#### [Work request]
Set down exactly the lines in the records below that run from the line with "by (simp_all add: bernoulli_weight_def)" to the line with "1 \<Longrightarrow> bernoulli_weight", inclusive, and nothing more.

•••••

(* Let $Y\in\{0,1\}$, $T$, $H$ be random variables on a common probability space. For a random variable (or tuple) $X$, let $R^*(X):=\inf_g \Pr(g(X)\neq Y)$, the infimum over measurable $g$ with values in $\{0,1\}$. Then $$0\le R^*(T)-R^*(T,H)\le\sqrt{\tfrac12\,I(Y;H\mid T)},$$ where $I(Y;H\mid T)$ is the conditional mutual information between $Y$ and $H$ given $T$, measured in nats.
   Context: $R^*(T)$ and $R^*(T,H)$ are the Bayes-optimal 0–1 risks using the trace alone and the trace together with the history. *)

theory Defs
  imports "HOL-Probability.Probability"
begin

definition bayes_risk :: "'a measure \<Rightarrow> 'b measure \<Rightarrow> ('a \<Rightarrow> 'b) \<Rightarrow> ('a \<Rightarrow> bool) \<Rightarrow> real" where
  "bayes_risk M MX X Y =
     (INF g \<in> MX \<rightarrow>\<^sub>M (count_space UNIV :: bool measure).
        measure M {\<omega> \<in> space M. g (X \<omega>) \<noteq> Y \<omega>})"

end

(*
  Write p(x) = P(Y = True | X = x) for the posterior of the label given an observation X.
  The Bayes risk is R*(X) = E[min(p, 1 - p)], attained by thresholding p at 1/2, and every
  classifier of T is also one of (T, H), whence R*(T) >= R*(T, H). Let q and p be the posteriors
  given (H, T) and given T. As x |-> min(x, 1 - x) is 1-Lipschitz,
    R*(T) - R*(T, H) <= E|q - p| <= sqrt (E (q - p)^2).
  On the other side I(Y; X) = E[phi(p)] - phi(P(Y = True)) with phi(x) = x ln x + (1 - x) ln (1 - x),
  so I(Y; H | T) = I(Y; (H, T)) - I(Y; T) = E[phi(q)] - E[phi(p)]. By the tower property E[phi(p)]
  is also the cross entropy E[q ln p + (1 - q) ln (1 - p)], so I(Y; H | T) is the expected binary
  Kullback-Leibler divergence of q from p, and the binary Pinsker inequality
  2 (q - p)^2 <= KL(q, p) finishes the proof.
*)

theory Submission
  imports Defs
begin

definition bin_negentropy :: "real \<Rightarrow> real" where
  "bin_negentropy x = x * ln x + (1 - x) * ln (1 - x)"

definition bernoulli_weight :: "real \<Rightarrow> bool \<Rightarrow> real" where
  "bernoulli_weight p y = (if y then p else 1 - p)"

lemma bernoulli_weight_simps [simp]:
  "bernoulli_weight p True = p" "bernoulli_weight p False = 1 - p"
  by (simp_all add: bernoulli_weight_def)

lemma bernoulli_weight_nonneg: "0 \<le> p \<Longrightarrow> p \<le> 1 \<Longrightarrow> 0 \<le> bernoulli_weight p y"
  and bernoulli_weight_le_1: "0 \<le> p \<Longrightarrow> p \<le> 1 \<Longrightarrow> bernoulli_weight p y \<le> 1"
  by (cases y; simp)+

lemma measurable_bernoulli_weight [measurable (raw)]:
  assumes [measurable]: "f \<in> borel_measurable N"
  shows "(\<lambda>x. bernoulli_weight (f x) y) \<in> borel_measurable N"
  by (cases y) (simp_all add: bernoulli_weight_def)

lemma measurable_bin_negentropy [measurable (raw)]:
  assumes [measurable]: "f \<in> borel_measurable N"
  shows "(\<lambda>x. bin_negentropy (f x)) \<in> borel_measurable N"
  unfolding bin_negentropy_def by measurable

lemma bin_negentropy_eq_sum:
  "bin_negentropy p = (\<Sum>y\<in>UNIV. bernoulli_weight p y * ln (bernoulli_weight p y))"
  by (simp add: bin_negentropy_def UNIV_bool add.commute)

lemma abs_mult_ln_le:
  fixes x K :: real
  assumes "0 \<le> x" "x \<le> K"
  shows "\<bar>x * ln x\<bar> \<le> K\<^sup>2 + 1"
proof (cases "x \<le> 1")
  case True
  have "x - 1 \<le> x * ln x"
  proof (cases "x = 0")
    case False
    then have "1 - 1 / x \<le> ln x"
      using assms ln_le_minus_one[of "1 / x"] by (simp add: ln_div)
    then show ?thesis
      using assms False mult_left_mono[of "1 - 1 / x" "ln x" x] by (simp add: algebra_simps)
  qed simp
  moreover have "x * ln x \<le> 0"
    using assms True by (cases "x = 0") (auto simp: mult_nonneg_nonpos)
  ultimately have "\<bar>x * ln x\<bar> \<le> 1"
    using assms by linarith
  then show ?thesis
    using zero_le_power2[of K] by linarith
next
  case False
  then have "0 \<le> x * ln x" "x * ln x \<le> x * x"
    using ln_le_minus_one[of x] by (auto intro: mult_left_mono)
  moreover have "x * x \<le> K\<^sup>2"
    using assms by (simp add: power2_eq_square mult_mono)
  ultimately show ?thesis by simp
qed

lemma abs_bernoulli_weight_mult_ln_le:
  "0 \<le> p \<Longrightarrow> p \<le> 1 \<Longrightarrow> \<bar>bernoulli_weight p y * ln (bernoulli_weight p y)\<bar> \<le> 2"
  using abs_mult_ln_le[of "bernoulli_weight p y" 1]
  by (simp add: bernoulli_weight_nonneg bernoulli_weight_le_1)

lemma abs_bin_negentropy_le: "0 \<le> p \<Longrightarrow> p \<le> 1 \<Longrightarrow> \<bar>bin_negentropy p\<bar> \<le> 4"
  using abs_bernoulli_weight_mult_ln_le[of p True] abs_bernoulli_weight_mult_ln_le[of p False]
  by (simp add: bin_negentropy_def)

lemma neg_ln_nonneg: "0 \<le> x \<Longrightarrow> x \<le> 1 \<Longrightarrow> 0 \<le> - ln (x :: real)"
  by (cases "x = 0") auto

lemma mult_ln_divide:
  fixes p w :: real
  assumes "0 \<le> w" "0 \<le> p" "p = 0 \<Longrightarrow> w = 0"
  shows "w * ln (w / p) = w * ln w - w * ln p"
  using assms by (cases "w = 0") (auto simp: ln_div algebra_simps)
lemma b_sum_right: "b x (\<Sum>i\<in>S. g i) = (\<Sum>i\<in>S. b x (g i))"
  by (induction S rule: infinite_finite_induct) auto

lemma b_sum_left: "b (\<Sum>i\<in>S. g i) y = (\<Sum>i\<in>S. b (g i) y)"
  by (induction S rule: infinite_finite_induct) auto

lemma nondeg_right: "(\<And>x. b x y = 0) \<Longrightarrow> y = 0"
  using nondeg unfolding non_degenerate_def by blast

lemma nondeg_left: "(\<And>y. b x y = 0) \<Longrightarrow> x = 0"
  using nondeg_right[of x] by (metis st_b st_0)

lemma orthogonal_spans:
  assumes "\<And>x y. x \<in> S \<Longrightarrow> y \<in> T \<Longrightarrow> b x y = 0" and "x \<in> span S" and "y \<in> span T"
  shows "b x y = 0"
proof -
  have "\<forall>y\<in>T. b x y = 0"
    by (rule span_induct[OF \<open>x \<in> span S\<close>]) (use assms(1) in \<open>auto simp: subspace_def\<close>)
  then show ?thesis
    by (intro span_induct[OF \<open>y \<in> span T\<close>, of "\<lambda>y. b x y = 0"]) (auto simp: subspace_def)
qed

lemma hermitian_funpow:
  assumes "\<And>x y. b (u x) y = b x (u y)"
  shows "b ((u ^^ m) x) y = b x ((u ^^ m) y)"
proof (induction m arbitrary: y)
  case (Suc m)
  have "b ((u ^^ Suc m) x) y = b ((u ^^ m) x) (u y)"
    using assms by simp
  also have "\<dots> = b x ((u ^^ Suc m) y)"
    using Suc by (simp add: funpow_swap1)
  finally show ?case .
qed simp

lemma basis_coeffs_unique:
  assumes "(\<Sum>v\<in>Bas. scale (g v) v) = (\<Sum>v\<in>Bas. scale (h v) v)" and "v \<in> Bas"
  shows "g v = h v"
proof -
  have "(\<Sum>v\<in>Bas. scale (g v - h v) v) = 0"
    using assms(1) by (simp add: scale_left_diff_distrib sum_subtractf)
  then show ?thesis
    using independent_Basis assms(2) unfolding independent_explicit by auto
qed

lemma b_eq_functional_if_eq_on_basis:
  assumes lam: "Vector_Spaces.linear scale (*) lam" and eq: "\<And>v. v \<in> Bas \<Longrightarrow> b z v = lam v"
  shows "b z x = lam x"
proof -
  have lam_add: "lam (x + y) = lam x + lam y" and lam_scale: "lam (scale c x) = c * lam x" for x y c
    using lam unfolding Vector_Spaces.linear_iff by auto
  have "subspace {x. b z x = lam x}"
    unfolding subspace_def using lam_scale[of 0 0] by (simp add: lam_add lam_scale)
  then have "span Bas \<subseteq> {x. b z x = lam x}"
    using eq by (intro span_minimal) auto
  then show ?thesis
    using span_Basis by auto
qed

lemma riesz_representation:
  assumes lam: "Vector_Spaces.linear scale (*) lam"
  obtains z where "\<And>x. b z x = lam x"
proof -
  define \<Psi> where "\<Psi> z = (\<Sum>v\<in>Bas. scale (st (b z v)) v)" for z
  have lin: "Vector_Spaces.linear scale scale \<Psi>"
    unfolding Vector_Spaces.linear_iff \<Psi>_def using vector_space_axioms
    by (simp add: sum.distrib scale_left_distrib scale_sum_right)
  have "z = 0" if "\<Psi> z = 0" for z
  proof -
    have "(\<Sum>v\<in>Bas. scale (st (b z v)) v) = (\<Sum>v\<in>Bas. scale 0 v)"
      using that unfolding \<Psi>_def by simp
    then have "st (b z v) = 0" if "v \<in> Bas" for v
      using basis_coeffs_unique[of "\<lambda>v. st (b z v)" "\<lambda>_. 0", OF _ that] by (simp del: st_b)
    then have "b z v = 0" if "v \<in> Bas" for v
      using that by (metis st_st st_0)
    then have "b z x = 0" for x
      using orthogonal_spans[of "{z}" Bas z x] span_Basis by (auto intro: span_base)
    then show ?thesis
      by (rule nondeg_left)
  qed
  then have "inj \<Psi>"
    using endo.linear_inj_iff_eq_0[OF lin] by blast
  then obtain z where z: "\<Psi> z = (\<Sum>v\<in>Bas. scale (st (lam v)) v)"
    using linear_inj_imp_surj[OF lin] by (metis surjD)
  have "b z v = lam v" if "v \<in> Bas" for v
    using basis_coeffs_unique[OF z[unfolded \<Psi>_def] that] by (simp del: st_b)
  then show ?thesis
    using b_eq_functional_if_eq_on_basis[OF lam] that by blast
qed

lemma exists_dual_family:
  fixes e :: "nat \<Rightarrow> 'v"
  assumes indep: "independent (e ` {..<\<nu>})" and inj: "inj_on e {..<\<nu>}"
  obtains g where "\<And>i j. i < \<nu> \<Longrightarrow> j < \<nu> \<Longrightarrow> b (e i) (g j) = (if i = j then 1 else 0)"
proof -
  obtain B where B: "e ` {..<\<nu>} \<subseteq> B" "independent B" "span B = UNIV"
    using maximal_independent_subset_extend[OF subset_UNIV indep] by (metis top.extremum_unique)
  have "\<forall>j. \<exists>z. \<forall>x. b z x = representation B x (e j)"
  proof
    fix j
    obtain z where "\<And>x. b z x = representation B x (e j)"
      using riesz_representation[OF linear_representation[OF B(2,3), of "e j"]] by blast
    then show "\<exists>z. \<forall>x. b z x = representation B x (e j)"
      by blast
  qed
  then obtain g where g: "\<forall>j x. b (g j) x = representation B x (e j)"
    by (rule choice_iff[THEN iffD1, THEN exE])
  have "b (g j) (e i) = (if i = j then 1 else 0)" if "i < \<nu>" "j < \<nu>" for i j
  proof -
    have "representation B (e i) (e j) = (if e j = e i then 1 else 0)"
      using representation_basis[OF B(2)] B(1) that by auto
    then show ?thesis
      using g inj that by (auto simp: inj_on_def)
  qed
  then show ?thesis
    using that by (metis st_b st_1 st_0)
qed

lemma b_dual_comb:
  fixes e g :: "nat \<Rightarrow> 'v"
  assumes eg: "\<And>i j. i < \<nu> \<Longrightarrow> j < \<nu> \<Longrightarrow> b (e i) (g j) = (if i = j then 1 else 0)"
    and j: "j < \<nu>"
  shows "b (\<Sum>l<\<nu>. scale (a l) (e l)) (g j) = st (a j)"
    and "b (g j) (\<Sum>l<\<nu>. scale (a l) (e l)) = a j"
proof -
  have "b (\<Sum>l<\<nu>. scale (a l) (e l)) (g j) = (\<Sum>l<\<nu>. if j = l then st (a l) else 0)"
    unfolding b_sum_left using j by (intro sum.cong) (auto simp: eg)
  then show *: "b (\<Sum>l<\<nu>. scale (a l) (e l)) (g j) = st (a j)"
    using j by simp
  show "b (g j) (\<Sum>l<\<nu>. scale (a l) (e l)) = a j"
    using * by (metis st_b st_st)
qed

lemma b_isotropic_comb:
  fixes e :: "nat \<Rightarrow> 'v"
  assumes ee: "\<And>i j. i < \<nu> \<Longrightarrow> j < \<nu> \<Longrightarrow> b (e i) (e j) = 0" and i: "i < \<nu>"
  shows "b (e i) (\<Sum>l<\<nu>. scale (a l) (e l)) = 0"
  unfolding b_sum_right using i ee by (intro sum.neutral) auto

lemma b_isotropic_comb_comb:
  fixes e :: "nat \<Rightarrow> 'v"
  assumes ee: "\<And>i j. i < \<nu> \<Longrightarrow> j < \<nu> \<Longrightarrow> b (e i) (e j) = 0"
  shows "b (\<Sum>l<\<nu>. scale (a l) (e l)) (\<Sum>l<\<nu>. scale (a' l) (e l)) = 0"
  unfolding b_sum_left by (intro sum.neutral) (simp add: b_isotropic_comb[where e = e, OF ee])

•••••

#### [Result of this task]
  by (simp_all add: bernoulli_weight_def)

lemma bernoulli_weight_nonneg: "0 \<le> p \<Longrightarrow> p \<le> 1 \<Longrightarrow> 0 \<le> bernoulli_weight p y"
  and bernoulli_weight_le_1: "0 \<le> p \<Longrightarrow> p \<le> 1 \<Longrightarrow> bernoulli_weight p y \<le> 1"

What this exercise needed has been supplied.